Frequently Asked Questions

An RGB histogram is a graphical representation showing how pixels are distributed across 256 intensity levels (0–255) for each color channel — Red, Green, and Blue — in a digital image. The horizontal axis represents the intensity value, while the vertical axis shows how many pixels have that value. It helps photographers and designers evaluate exposure, contrast, and color balance at a glance.

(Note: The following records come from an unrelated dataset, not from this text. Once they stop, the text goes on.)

lemma nholes_fill: "nholes (fill C s) = nholes C * nholes s"
proof (induction C)
  case (Node f ts)
  have "sum_list (map (\<lambda>t. nholes (fill t s)) ts) = sum_list (map (\<lambda>t. nholes t * nholes s) ts)"
    using Node by (intro arg_cong[where f = sum_list] map_cong) auto
  also have "sum_list (map (\<lambda>t. nholes t * nholes s) ts) = sum_list (map nholes ts) * nholes s"
    by (induction ts) (auto simp: algebra_simps)
  finally show ?case by (simp add: o_def)
qed simp

lemma ground_ctxt_fill: "ground_ctxt ar C \<Longrightarrow> ground_ctxt ar D \<Longrightarrow> ground_ctxt ar (fill C D)"
  by (simp add: ground_ctxt_def wf_gt_fill nholes_fill)

lemma ground_ctxt_fillD: "ground_ctxt ar (fill C D) \<Longrightarrow> nholes D = 1 \<Longrightarrow> ground_ctxt ar C"
  by (simp add: ground_ctxt_def nholes_fill wf_gt_fillD[of ar C D])

lemma ground_ctxt_Hole: "ground_ctxt ar Hole"
  by (simp add: ground_ctxt_def)

lemma ground_term_not_Hole: "ground_term ar t \<Longrightarrow> t \<noteq> Hole"
  by (auto simp: ground_term_def)

lemma ground_ctxt_unary_Node_iff: "ground_ctxt ar (Node a [C]) \<longleftrightarrow> ar a = 1 \<and> ground_ctxt ar C"
  by (auto simp: ground_ctxt_def)

lemma ground_term_unary_Node_iff: "ground_term ar (Node a [t]) \<longleftrightarrow> ar a = 1 \<and> ground_term ar t"
  by (auto simp: ground_term_def)

fun hole_parents :: "'f gtree \<Rightarrow> 'f set" where
  "hole_parents Hole = {}"
| "hole_parents (Node f ts) = (if Hole \<in> set ts then {f} else {}) \<union> (\<Union>t\<in>set ts. hole_parents t)"

lemma hole_parents_no_holes: "nholes C = 0 \<Longrightarrow> hole_parents C = {}"
proof (induction C)
  case (Node f ts)
  then have "\<forall>t\<in>set ts. nholes t = 0" by (simp add: sum_list_eq_0_iff)
  moreover from this have "Hole \<notin> set ts" by force
  ultimately show ?case using Node by auto
qed simp

lemma sum_list_eq_1_split:
  fixes ts :: "'a list" and n :: "'a \<Rightarrow> nat"
  assumes "sum_list (map n ts) = 1"
  shows "\<exists>l t r. ts = l @ t # r \<and> n t = 1 \<and> (\<forall>s\<in>set l \<union> set r. n s = 0)"
  using assms
proof (induction ts)
  case (Cons a ts)
  show ?case
  proof (cases "n a")
    case 0
    with Cons obtain l t r where "ts = l @ t # r" "n t = 1" "\<forall>s\<in>set l \<union> set r. n s = 0" by auto
    with 0 show ?thesis by (intro exI[of _ "a # l"]) auto
  next
    case (Suc m)
    with Cons.prems show ?thesis by (intro exI[of _ "[]"]) auto
  qed
qed simp

lemma hole_parents_one_hole: "nholes C = 1 \<Longrightarrow> C \<noteq> Hole \<Longrightarrow> \<exists>a. hole_parents C = {a}"
proof (induction C)
  case (Node f ts)
  then obtain l t r where split: "ts = l @ t # r" "nholes t = 1" "\<forall>s\<in>set l \<union> set r. nholes s = 0"
    using sum_list_eq_1_split[of nholes ts] by auto
  have rest: "hole_parents s = {} \<and> s \<noteq> Hole" if "s \<in> set l \<union> set r" for s
  proof -
    have "nholes s = 0" using split(3) that by blast
    then show ?thesis using hole_parents_no_holes by auto
  qed
  show ?case
  proof (cases "t = Hole")
    case False
    with Node.IH[of t] split obtain a where "hole_parents t = {a}" by auto
    with split rest False show ?thesis by (intro exI[of _ a]) auto
  qed (use split rest in auto)
qed simp

definition last_letter :: "'f gtree \<Rightarrow> 'f" where
  "last_letter C = (THE a. hole_parents C = {a})"

lemma hole_parents_ground_ctxt:
  "ground_ctxt ar C \<Longrightarrow> C \<noteq> Hole \<Longrightarrow> hole_parents C = {last_letter C}"
  using hole_parents_one_hole[of C] by (auto simp: ground_ctxt_def last_letter_def)

fun drop_hole_parent :: "'f gtree \<Rightarrow> 'f gtree" where
  "drop_hole_parent Hole = Hole"
| "drop_hole_parent (Node f ts) = (if ts = [Hole] then Hole else Node f (map drop_hole_parent ts))"

lemma fill_drop_hole_parent:
  assumes "wf_gt ar C" "hole_parents C \<subseteq> {a}" "ar a = 1" "C \<noteq> Hole"
  shows "C = fill (drop_hole_parent C) (Node a [Hole])"
  using assms
proof (induction C)
  case (Node f ts)
  show ?case
  proof (cases "ts = [Hole]")
    case True
    with Node.prems(2) show ?thesis by simp
  next
    case False
    have "Hole \<notin> set ts"
    proof
      assume "Hole \<in> set ts"
      with Node.prems have "f = a" by auto
      with \<open>Hole \<in> set ts\<close> Node.prems(1,3) have "ts = [Hole]"
        by (cases ts) auto
      with False show False ..
    qed
    have "fill (drop_hole_parent t) (Node a [Hole]) = t" if "t \<in> set ts" for t
    proof (rule sym, rule Node.IH[OF that])
      show "wf_gt ar t" "hole_parents t \<subseteq> {a}"
        using Node.prems(1,2) that by auto
      show "ar a = 1" by (fact Node.prems(3))
      show "t \<noteq> Hole" using \<open>Hole \<notin> set ts\<close> that by blast
    qed
    then have "map (\<lambda>t. fill (drop_hole_parent t) (Node a [Hole])) ts = ts"
      by (rule map_idI)
    with False show ?thesis by (simp add: o_def)
  qed
qed simp
theorem lemma6p2:
  fixes D :: "'d set" and alpha rho :: "'d \<Rightarrow> 'd"
    and Q Q' :: "complex set" and q q' :: nat and a b :: real
  assumes "cm_genus0 D alpha rho"
    and "q \<ge> 1" and "q' \<ge> 1"
    and "finite Q" and "finite Q'" and "card Q = q" and "card Q' = q'"
    and "uminus ` Q = Q" and "uminus ` Q' = Q'"
    and "0 < a" and "a \<le> 1" and "0 < b" and "b \<le> 1"
  shows "stoch_dom (cm_edges D alpha) (omega_law D alpha rho Q Q' a b)
           (fk (cm_verts D rho) (cm_edges D alpha) (cm_ends rho) (real q) (1 - b))
       \<and> stoch_dom (cm_edges D alpha) (omega'_law D alpha rho Q Q' a b)
           (fk (cm_faces D alpha rho) (cm_edges D alpha) (cm_dends alpha rho) (real q') (1 - a))"
proof -
  have cmap: "is_cmap D alpha rho" using assms(1) unfolding cm_genus0_def by blast
  then have "finite D" unfolding is_cmap_def by blast
  note fin = finite_cm_verts[OF this] finite_cm_edges[OF this] finite_cm_faces[OF this]
  have ends: "\<forall>e\<in>cm_edges D alpha. cm_ends rho e \<subseteq> cm_verts D rho \<and> cm_ends rho e \<noteq> {}"
    and dends: "\<forall>e\<in>cm_edges D alpha. cm_dends alpha rho e \<subseteq> cm_faces D alpha rho \<and> cm_dends alpha rho e \<noteq> {}"
    using cm_ends_subset[OF cmap] cm_dends_subset[OF cmap] by blast+
  have ne: "Q \<noteq> {}" "Q' \<noteq> {}" using assms(2,3,6,7) by auto
  have "stoch_dom (cm_edges D alpha) (omega_law D alpha rho Q Q' a b)
      (fk (cm_verts D rho) (cm_edges D alpha) (cm_ends rho) (card Q) (1 - b))"
    unfolding omega_law_eq[OF fin(1) assms(4) fin(3) assms(5) fin(2)]
    using ends dends assms(10-13) by (intro omega_law_dominates_fk fin assms(4,5) ne) auto
  moreover have "stoch_dom (cm_edges D alpha) (omega'_law D alpha rho Q Q' a b)
      (fk (cm_faces D alpha rho) (cm_edges D alpha) (cm_dends alpha rho) (card Q') (1 - a))"
    unfolding omega'_law_eq[OF fin(1) assms(4) fin(3) assms(5) fin(2)]
    using ends dends assms(10-13) by (intro omega_law_dominates_fk fin assms(4,5) ne) auto
  ultimately show ?thesis using assms(6,7) by simp
qed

Peaks clustered on the left indicate dark/underexposed areas (shadows). Peaks on the right suggest bright/overexposed regions (highlights). A broad spread across the middle typically means good contrast. If one channel's peak is shifted relative to others, there's a color cast — for example, a red channel shifted right indicates a warm/reddish tone dominance.
An RGB histogram shows three separate distributions (per channel), while a luminance histogram combines them into one using a weighted formula (Y = 0.299R + 0.587G + 0.114B) that mimics human brightness perception. RGB per‑channel view reveals color-specific issues like clipping in a single channel that a luminance histogram might hide.

There's no single "correct" histogram — it depends on the image content. A high-key portrait will naturally skew right; a night scene will skew left. The goal is to avoid clipping (spikes at 0 or 255) unless intentional. Generally, a well-exposed image has data spread across the full range without hard cutoffs at either end.

Yes. By comparing the Red, Green, and Blue histograms side-by-side, you can identify color imbalances. If the blue channel's distribution is shifted left compared to red and green, the image likely has a yellow/orange cast. Aligning the channels' distributions (via white balance or levels adjustment) is a common color correction technique.

No. This tool runs entirely in your browser using JavaScript and HTML5 Canvas. Your image is processed locally — nothing is ever uploaded, transmitted, or stored on any server. You can verify this by disconnecting your internet after the page loads; the tool will continue working perfectly.

All common web formats are supported: PNG, JPEG, WebP, GIF, BMP, and SVG (rasterized). For best results, use 8-bit per channel images. 16-bit or HDR images will be tone-mapped by the browser. HEIC/HEIF support depends on your browser and OS.